DATA LISTING section start

(* Consider any sequences evolved by Algorithm 1 and let $d_0:=\|x^*-x^0\|$. Then: (a) for all $k\ge1$ and $x\in\mathcal H$, $A_k[h(y^k)-h(x)]+\frac{1-\sigma^2}{2}\sum_{j=1}^k\frac{A_j}{\lambda_j}\|y^j-\tilde x^{j-1}\|^2+\sum_{j=1}^k\frac{\mu(1+\mu A_{j-1})\lambda_jA_{j-1}}{2a_j}\|x^{j-1}-y^{j-1}\|^2+\frac{1+\mu A_k}{2}\|x-x^k\|^2\le\frac12\|x-x^0\|^2$; (b) if $\sigma<1$, then for all $k\ge1$, $\sum_{j=1}^k\frac{A_j}{\lambda_j}\|y^j-\tilde x^{j-1}\|^2\le\frac{d_0^2}{1-\sigma^2}$.
   Context: Setting: $\mathcal H$ is a finite-dimensional real inner product space with inner product $\langle\cdot,\cdot\rangle$ and norm $\|\cdot\|$. $f,g:\mathcal H\to(-\infty,\infty]$ are proper, closed, convex functions, $h:=f+g$ has nonempty domain, and $g$ is $\mu$-strongly convex for some $\mu>0$, i.e. $g(tx+(1-t)y)\le tg(x)+(1-t)g(y)-\frac{\mu}{2}t(1-t)\|x-y\|^2$ for all $x,y\in\mathcal H$, $t\in[0,1]$. $x^*$ denotes the unique minimizer of $h$. For $\varepsilon\ge 0$, $\partial_\varepsilon f(y):=\{u\in\mathcal H: f(w)\ge f(y)+\langle u,w-y\rangle-\varepsilon\ \forall w\in\mathcal H\}$, and $\partial g:=\partial_0 g$. Algorithm 1: Choose $x^0,y^0\in\mathcal H$ and $\sigma\in[0,1]$, and set $A_0=0$. For $k=0,1,2,\dots$: choose $\lambda_{k+1}>0$, set $a_{k+1}=\frac{(1+2\mu A_k)\lambda_{k+1}+\sqrt{(1+2\mu A_k)^2\lambda_{k+1}^2+4(1+\mu A_k)A_k\lambda_{k+1}}}{2}$ and $\tilde x^k=\frac{a_{k+1}-\mu A_k\lambda_{k+1}}{A_k+a_{k+1}}x^k+\frac{A_k+\mu A_k\lambda_{k+1}}{A_k+a_{k+1}}y^k$; compute $(y^{k+1},v^{k+1},\varepsilon_{k+1})\in\mathcal H\times\mathcal H\times[0,\infty)$ such that $v^{k+1}\in\partial_{\varepsilon_{k+1}}f(y^{k+1})+\partial g(y^{k+1})$ and $\frac{\|\lambda_{k+1}v^{k+1}+y^{k+1}-\tilde x^k\|^2}{1+\lambda_{k+1}\mu}+2\lambda_{k+1}\varepsilon_{k+1}\le\sigma^2\|y^{k+1}-\tilde x^k\|^2$; then set $A_{k+1}=A_k+a_{k+1}$ and $x^{k+1}=\frac{1+\mu A_k}{1+\mu A_{k+1}}x^k+\frac{\mu a_{k+1}}{1+\mu A_{k+1}}y^{k+1}-\frac{a_{k+1}}{1+\mu A_{k+1}}v^{k+1}$. "Sequences evolved by Algorithm 1" means any sequences satisfying all these relations for every $k\ge 0$. *)

theory Defs
  imports "HOL-Analysis.Analysis"
begin

text \<open>Extended-real-valued functions on a finite-dimensional real inner product space
  (modelled as a type of class euclidean_space), with values in (-infinity, +infinity].\<close>

definition proper_fun :: "('a \<Rightarrow> ereal) \<Rightarrow> bool" where
  "proper_fun f \<longleftrightarrow> (\<forall>x. f x \<noteq> -\<infinity>) \<and> (\<exists>x. f x \<noteq> \<infinity>)"

definition closed_fun :: "('a::topological_space \<Rightarrow> ereal) \<Rightarrow> bool" where
  "closed_fun f \<longleftrightarrow> closed {(x, r::real). f x \<le> ereal r}"

definition convex_fun :: "('a::real_vector \<Rightarrow> ereal) \<Rightarrow> bool" where
  "convex_fun f \<longleftrightarrow> (\<forall>x y t. 0 \<le> t \<and> t \<le> 1 \<longrightarrow>
     f (t *\<^sub>R x + (1 - t) *\<^sub>R y) \<le> ereal t * f x + ereal (1 - t) * f y)"

definition strongly_convex_fun :: "real \<Rightarrow> ('a::real_normed_vector \<Rightarrow> ereal) \<Rightarrow> bool" where
  "strongly_convex_fun \<mu> g \<longleftrightarrow> (\<forall>x y t. 0 \<le> t \<and> t \<le> 1 \<longrightarrow>
     g (t *\<^sub>R x + (1 - t) *\<^sub>R y) \<le> ereal t * g x + ereal (1 - t) * g y
        - ereal (\<mu> / 2 * t * (1 - t) * (norm (x - y))\<^sup>2))"

definition eps_subdiff :: "real \<Rightarrow> ('a::real_inner \<Rightarrow> ereal) \<Rightarrow> 'a \<Rightarrow> 'a set" where
  "eps_subdiff \<epsilon> f y = {u. \<forall>w. f w \<ge> f y + ereal (inner u (w - y) - \<epsilon>)}"

definition subdiff :: "('a::real_inner \<Rightarrow> ereal) \<Rightarrow> 'a \<Rightarrow> 'a set" where
  "subdiff f y = eps_subdiff 0 f y"

end

(*
  The functions Gamma_j(w) = h(y^j) - eps_j + <v^j, w - y^j> + mu/2 |w - y^j|^2 minorize h,
  because v^j is the sum of an eps_j-subgradient of f and a subgradient of the mu-strongly
  convex g. The potential
    A_k h(y^k) + (1 - sigma^2)/2 S1_k + S2_k + (1 + mu A_k)/2 |w - x^k|^2
  (S1, S2 the two sums of the statement) grows by at most a_(k+1) Gamma_(k+1)(w) per
  iteration: by an exact quadratic identity, which holds because a_(k+1) is a root of
  a^2 = lam ((1 + 2 mu A) a + (1 + mu A) A), its increment differs from that bound by a
  nonnegative multiple of the relative error of the inexact proximal step. Summing, the
  potential is at most A_k h(w) + |w - x^0|^2/2, which is (a); taking w = x^* gives (b).
*)
theory Submission
  imports Defs
begin

lemma eps_subdiff_imp_finite:
  assumes "proper_fun f" and "u \<in> eps_subdiff e f y"
  shows "f y = ereal (real_of_ereal (f y))"
proof -
  obtain w where "f w \<noteq> \<infinity>" using assms(1) unfolding proper_fun_def by auto
  moreover have "f w \<ge> f y + ereal (inner u (w - y) - e)"
    using assms(2) unfolding eps_subdiff_def by auto
  ultimately have "f y \<noteq> \<infinity>" by auto
  moreover have "f y \<noteq> -\<infinity>" using assms(1) unfolding proper_fun_def by auto
  ultimately show ?thesis by (cases "f y") auto
qed

lemma eps_subdiff_ineq:
  assumes "proper_fun f" and "u \<in> eps_subdiff e f y"
  shows "ereal (real_of_ereal (f y) + inner u (w - y) - e) \<le> f w"
proof -
  have "f y + ereal (inner u (w - y) - e) \<le> f w"
    using assms(2) unfolding eps_subdiff_def by auto
  then show ?thesis
    using eps_subdiff_imp_finite[OF assms] by (metis add_diff_eq plus_ereal.simps(1))
qed

lemma strongly_convex_subdiff_ineq:
  assumes "proper_fun g" and "strongly_convex_fun \<mu> g" and "q \<in> subdiff g y" and "\<mu> > 0"
  shows "ereal (real_of_ereal (g y) + inner q (w - y) + \<mu> / 2 * (norm (w - y))\<^sup>2) \<le> g w"
proof (cases "g w")
  case PInf
  then show ?thesis by simp
next
  case MInf
  then show ?thesis using assms(1) unfolding proper_fun_def by auto
next
  case (real gw)
  have q: "q \<in> eps_subdiff 0 g y" using assms(3) unfolding subdiff_def .
  define gy where "gy = real_of_ereal (g y)"
  define d2 where "d2 = (norm (w - y))\<^sup>2"
  define c where "c = gw - gy - inner q (w - y)"
  have gy: "g y = ereal gy" using eps_subdiff_imp_finite[OF assms(1) q] gy_def by simp
  have lin: "ereal (gy + inner q (z - y)) \<le> g z" for z
    using eps_subdiff_ineq[OF assms(1) q, of z] gy_def by simp
  have along_segment: "\<mu> / 2 * d2 * (1 - t) \<le> c" if t: "0 < t" "t \<le> 1" for t
  proof -
    define z where "z = t *\<^sub>R w + (1 - t) *\<^sub>R y"
    have "z - y = t *\<^sub>R (w - y)" unfolding z_def by (simp add: algebra_simps)
    then have "ereal (gy + t * inner q (w - y)) \<le> g z" using lin[of z] by simp
    also have "g z \<le> ereal t * g w + ereal (1 - t) * g y - ereal (\<mu> / 2 * t * (1 - t) * d2)"
      using assms(2) t unfolding strongly_convex_fun_def z_def d2_def by auto
    also have "\<dots> = ereal (t * gw + (1 - t) * gy - \<mu> / 2 * t * (1 - t) * d2)"
      using real gy by simp
    finally have "t * (\<mu> / 2 * d2 * (1 - t)) \<le> t * c"
      unfolding c_def by (simp add: algebra_simps)
    then show ?thesis using t by simp
  qed
  have "\<mu> / 2 * d2 \<le> c"
  proof (rule field_le_epsilon)
    fix e :: real assume e: "e > 0"
    define M where "M = \<mu> / 2 * d2"
    define t where "t = min 1 (e / (M + 1))"
    have M: "M \<ge> 0" using assms(4) unfolding M_def d2_def by simp
    have t: "0 < t" "t \<le> 1" using e M unfolding t_def by auto
    have "t * M \<le> e / (M + 1) * M" using M unfolding t_def by (intro mult_right_mono) auto
    also have "\<dots> \<le> e" using e M by (simp add: divide_le_eq)
    finally show "\<mu> / 2 * d2 \<le> c + e"
      using along_segment[OF t] unfolding M_def by (simp add: algebra_simps)
  qed
  then show ?thesis using real unfolding c_def d2_def gy_def by simp
qed

text \<open>Inverses are passed as variables so that the identity becomes an ideal-membership
  problem for \<open>algebra\<close>.\<close>
lemma potential_identity_poly:
  fixes p q v w :: "'a::real_inner" and a A l \<mu> s ti li ai ki Bi :: real
  assumes "a\<^sup>2 = l * ((1 + 2*\<mu>*A) * a + (1 + \<mu>*A) * A)"
    and "li * l = 1" and "ai * a = 1" and "ti * (1 + \<mu>*(A+a)) = 1" and "Bi * (A+a) = 1"
    and "ki * (1 + l*\<mu>) = 1"
  shows "(1+\<mu>*A)/2 * (norm (w - p))\<^sup>2 + a * (inner v w + \<mu>/2 * (norm w)\<^sup>2)
       + A * (inner v q + \<mu>/2 * (norm q)\<^sup>2)
       - (1+\<mu>*(A+a))/2 * (norm (w - (((1+\<mu>*A)*ti) *\<^sub>R p - (a*ti) *\<^sub>R v)))\<^sup>2
       - (1-s\<^sup>2)*(A+a)*li/2 * (norm (((a-\<mu>*A*l)*Bi) *\<^sub>R p + ((A+\<mu>*A*l)*Bi) *\<^sub>R q))\<^sup>2
       - \<mu>*(1+\<mu>*A)*l*A*ai/2 * (norm (p - q))\<^sup>2
     = (A+a)*li/2 * (s\<^sup>2 * (norm (((a-\<mu>*A*l)*Bi) *\<^sub>R p + ((A+\<mu>*A*l)*Bi) *\<^sub>R q))\<^sup>2
          - (norm (l *\<^sub>R v - (((a-\<mu>*A*l)*Bi) *\<^sub>R p + ((A+\<mu>*A*l)*Bi) *\<^sub>R q)))\<^sup>2 * ki)"
  unfolding power2_norm_eq_inner
  apply (simp add: inner_add_left inner_add_right inner_diff_left inner_diff_right inner_commute)
  using assms by algebra

lemma potential_identity:
  fixes p q v w :: "'a::real_inner" and a A l \<mu> s :: real
  assumes "a\<^sup>2 = l * ((1 + 2*\<mu>*A) * a + (1 + \<mu>*A) * A)"
    and "l > 0" and "a > 0" and "A \<ge> 0" and "\<mu> > 0"
  shows "(1+\<mu>*A)/2 * (norm (w - p))\<^sup>2 + a * (inner v w + \<mu>/2 * (norm w)\<^sup>2)
       + A * (inner v q + \<mu>/2 * (norm q)\<^sup>2)
     = (1+\<mu>*(A+a))/2 * (norm (w - (((1+\<mu>*A)/(1+\<mu>*(A+a))) *\<^sub>R p - (a/(1+\<mu>*(A+a))) *\<^sub>R v)))\<^sup>2
       + (1-s\<^sup>2)*(A+a)/l/2 * (norm (((a-\<mu>*A*l)/(A+a)) *\<^sub>R p + ((A+\<mu>*A*l)/(A+a)) *\<^sub>R q))\<^sup>2
       + \<mu>*(1+\<mu>*A)*l*A/a/2 * (norm (p - q))\<^sup>2
       + (A+a)/l/2 * (s\<^sup>2 * (norm (((a-\<mu>*A*l)/(A+a)) *\<^sub>R p + ((A+\<mu>*A*l)/(A+a)) *\<^sub>R q))\<^sup>2
          - (norm (l *\<^sub>R v - (((a-\<mu>*A*l)/(A+a)) *\<^sub>R p + ((A+\<mu>*A*l)/(A+a)) *\<^sub>R q)))\<^sup>2 / (1+l*\<mu>))"
proof -
  have "1 + \<mu>*(A+a) > 0" "1 + l*\<mu> > 0" "A + a > 0"
    using assms(2-5) by (simp_all add: add_pos_nonneg)
  then have "(1/l) * l = 1" "(1/a) * a = 1" "(1/(1+\<mu>*(A+a))) * (1+\<mu>*(A+a)) = 1"
    "(1/(A+a)) * (A+a) = 1" "(1/(1+l*\<mu>)) * (1+l*\<mu>) = 1"
    using assms(2,3) by auto
  from potential_identity_poly[OF assms(1) this, of w p v q s]
  show ?thesis by (simp only: times_divide_eq_right mult_1_right)
qed

lemma scaleR_affine_diff:
  fixes p q z :: "'a::real_vector"
  assumes "\<alpha> + \<beta> = 1"
  shows "\<alpha> *\<^sub>R p + \<beta> *\<^sub>R q - z = \<alpha> *\<^sub>R (p - z) + \<beta> *\<^sub>R (q - z)"
proof -
  have "z = \<alpha> *\<^sub>R z + \<beta> *\<^sub>R z" using assms by (simp flip: scaleR_add_left)
  then show ?thesis by (simp add: algebra_simps)
qed

locale accelerated_hpe =
  fixes f g :: "'a::real_inner \<Rightarrow> ereal"
    and \<mu> \<sigma> :: real
    and x y xt v :: "nat \<Rightarrow> 'a"
    and lam a A eps :: "nat \<Rightarrow> real"
  assumes f_proper: "proper_fun f" and g_proper: "proper_fun g"
    and mu_pos: "\<mu> > 0" and g_strongly_convex: "strongly_convex_fun \<mu> g"
    and A_0: "A 0 = 0"
    and lam_pos: "lam (Suc k) > 0"
    and a_Suc: "a (Suc k) =
      ((1 + 2 * \<mu> * A k) * lam (Suc k)
        + sqrt ((1 + 2 * \<mu> * A k)\<^sup>2 * (lam (Suc k))\<^sup>2 + 4 * (1 + \<mu> * A k) * A k * lam (Suc k))) / 2"
    and xt_eq: "xt k =
      ((a (Suc k) - \<mu> * A k * lam (Suc k)) / (A k + a (Suc k))) *\<^sub>R x k
      + ((A k + \<mu> * A k * lam (Suc k)) / (A k + a (Suc k))) *\<^sub>R y k"
    and v_mem: "v (Suc k) \<in> {p + q | p q. p \<in> eps_subdiff (eps (Suc k)) f (y (Suc k))
                                           \<and> q \<in> subdiff g (y (Suc k))}"
    and error_criterion: "(norm (lam (Suc k) *\<^sub>R v (Suc k) + y (Suc k) - xt k))\<^sup>2 / (1 + lam (Suc k) * \<mu>)
                 + 2 * lam (Suc k) * eps (Suc k) \<le> \<sigma>\<^sup>2 * (norm (y (Suc k) - xt k))\<^sup>2"
    and A_Suc: "A (Suc k) = A k + a (Suc k)"
    and x_Suc: "x (Suc k) =
      ((1 + \<mu> * A k) / (1 + \<mu> * A (Suc k))) *\<^sub>R x k
      + ((\<mu> * a (Suc k)) / (1 + \<mu> * A (Suc k))) *\<^sub>R y (Suc k)
      - (a (Suc k) / (1 + \<mu> * A (Suc k))) *\<^sub>R v (Suc k)"
begin

lemma a_pos_if_A_nonneg:
  assumes "A k \<ge> 0"
  shows "a (Suc k) > 0"
proof -
  have "(1 + 2 * \<mu> * A k) * lam (Suc k) > 0"
    using assms mu_pos lam_pos[of k] by (simp add: add_pos_nonneg)
  moreover have "sqrt ((1 + 2 * \<mu> * A k)\<^sup>2 * (lam (Suc k))\<^sup>2 + 4 * (1 + \<mu> * A k) * A k * lam (Suc k)) \<ge> 0"
    using assms mu_pos lam_pos[of k] by simp
  ultimately show ?thesis unfolding a_Suc[of k] by (intro half_gt_zero add_pos_nonneg)
qed

lemma A_nonneg: "A k \<ge> 0"
proof (induction k)
  case 0
  then show ?case using A_0 by simp
next
  case (Suc k)
  then show ?case using a_pos_if_A_nonneg[OF Suc] A_Suc[of k] by linarith
qed

lemma a_pos: "a (Suc k) > 0"
  using a_pos_if_A_nonneg[OF A_nonneg] .

lemma A_pos: "k \<ge> 1 \<Longrightarrow> A k > 0"
  using A_Suc A_nonneg a_pos by (cases k) (auto simp: add_nonneg_pos)

lemma A_eq_sum: "A k = (\<Sum>j=1..k. a j)"
  by (induction k) (simp_all add: A_0 A_Suc)

lemma a_Suc_quadratic:
  "(a (Suc k))\<^sup>2 = lam (Suc k) * ((1 + 2 * \<mu> * A k) * a (Suc k) + (1 + \<mu> * A k) * A k)"
proof -
  define B where "B = (1 + 2 * \<mu> * A k) * lam (Suc k)"
  define C where "C = (1 + \<mu> * A k) * A k * lam (Suc k)"
  have "C \<ge> 0"
    unfolding C_def using A_nonneg[of k] mu_pos lam_pos[of k] by simp
  have "a (Suc k) = (B + sqrt (B\<^sup>2 + 4 * C)) / 2"
    unfolding a_Suc[of k] B_def C_def by (simp add: power_mult_distrib mult.assoc)
  then have "2 * a (Suc k) - B = sqrt (B\<^sup>2 + 4 * C)" by simp
  then have "(2 * a (Suc k) - B)\<^sup>2 = B\<^sup>2 + 4 * C"
    using \<open>C \<ge> 0\<close> by simp
  then have "(a (Suc k))\<^sup>2 = a (Suc k) * B + C" by algebra
  then show ?thesis unfolding B_def C_def by (simp add: algebra_simps)
qed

DATA LISTING section end

YOUR GOAL:
In the data above, which lines have "tilde"? Report each of them.

EXERCISE ANSWER:
(* Consider any sequences evolved by Algorithm 1 and let $d_0:=\|x^*-x^0\|$. Then: (a) for all $k\ge1$ and $x\in\mathcal H$, $A_k[h(y^k)-h(x)]+\frac{1-\sigma^2}{2}\sum_{j=1}^k\frac{A_j}{\lambda_j}\|y^j-\tilde x^{j-1}\|^2+\sum_{j=1}^k\frac{\mu(1+\mu A_{j-1})\lambda_jA_{j-1}}{2a_j}\|x^{j-1}-y^{j-1}\|^2+\frac{1+\mu A_k}{2}\|x-x^k\|^2\le\frac12\|x-x^0\|^2$; (b) if $\sigma<1$, then for all $k\ge1$, $\sum_{j=1}^k\frac{A_j}{\lambda_j}\|y^j-\tilde x^{j-1}\|^2\le\frac{d_0^2}{1-\sigma^2}$.
   Context: Setting: $\mathcal H$ is a finite-dimensional real inner product space with inner product $\langle\cdot,\cdot\rangle$ and norm $\|\cdot\|$. $f,g:\mathcal H\to(-\infty,\infty]$ are proper, closed, convex functions, $h:=f+g$ has nonempty domain, and $g$ is $\mu$-strongly convex for some $\mu>0$, i.e. $g(tx+(1-t)y)\le tg(x)+(1-t)g(y)-\frac{\mu}{2}t(1-t)\|x-y\|^2$ for all $x,y\in\mathcal H$, $t\in[0,1]$. $x^*$ denotes the unique minimizer of $h$. For $\varepsilon\ge 0$, $\partial_\varepsilon f(y):=\{u\in\mathcal H: f(w)\ge f(y)+\langle u,w-y\rangle-\varepsilon\ \forall w\in\mathcal H\}$, and $\partial g:=\partial_0 g$. Algorithm 1: Choose $x^0,y^0\in\mathcal H$ and $\sigma\in[0,1]$, and set $A_0=0$. For $k=0,1,2,\dots$: choose $\lambda_{k+1}>0$, set $a_{k+1}=\frac{(1+2\mu A_k)\lambda_{k+1}+\sqrt{(1+2\mu A_k)^2\lambda_{k+1}^2+4(1+\mu A_k)A_k\lambda_{k+1}}}{2}$ and $\tilde x^k=\frac{a_{k+1}-\mu A_k\lambda_{k+1}}{A_k+a_{k+1}}x^k+\frac{A_k+\mu A_k\lambda_{k+1}}{A_k+a_{k+1}}y^k$; compute $(y^{k+1},v^{k+1},\varepsilon_{k+1})\in\mathcal H\times\mathcal H\times[0,\infty)$ such that $v^{k+1}\in\partial_{\varepsilon_{k+1}}f(y^{k+1})+\partial g(y^{k+1})$ and $\frac{\|\lambda_{k+1}v^{k+1}+y^{k+1}-\tilde x^k\|^2}{1+\lambda_{k+1}\mu}+2\lambda_{k+1}\varepsilon_{k+1}\le\sigma^2\|y^{k+1}-\tilde x^k\|^2$; then set $A_{k+1}=A_k+a_{k+1}$ and $x^{k+1}=\frac{1+\mu A_k}{1+\mu A_{k+1}}x^k+\frac{\mu a_{k+1}}{1+\mu A_{k+1}}y^{k+1}-\frac{a_{k+1}}{1+\mu A_{k+1}}v^{k+1}$. "Sequences evolved by Algorithm 1" means any sequences satisfying all these relations for every $k\ge 0$. *)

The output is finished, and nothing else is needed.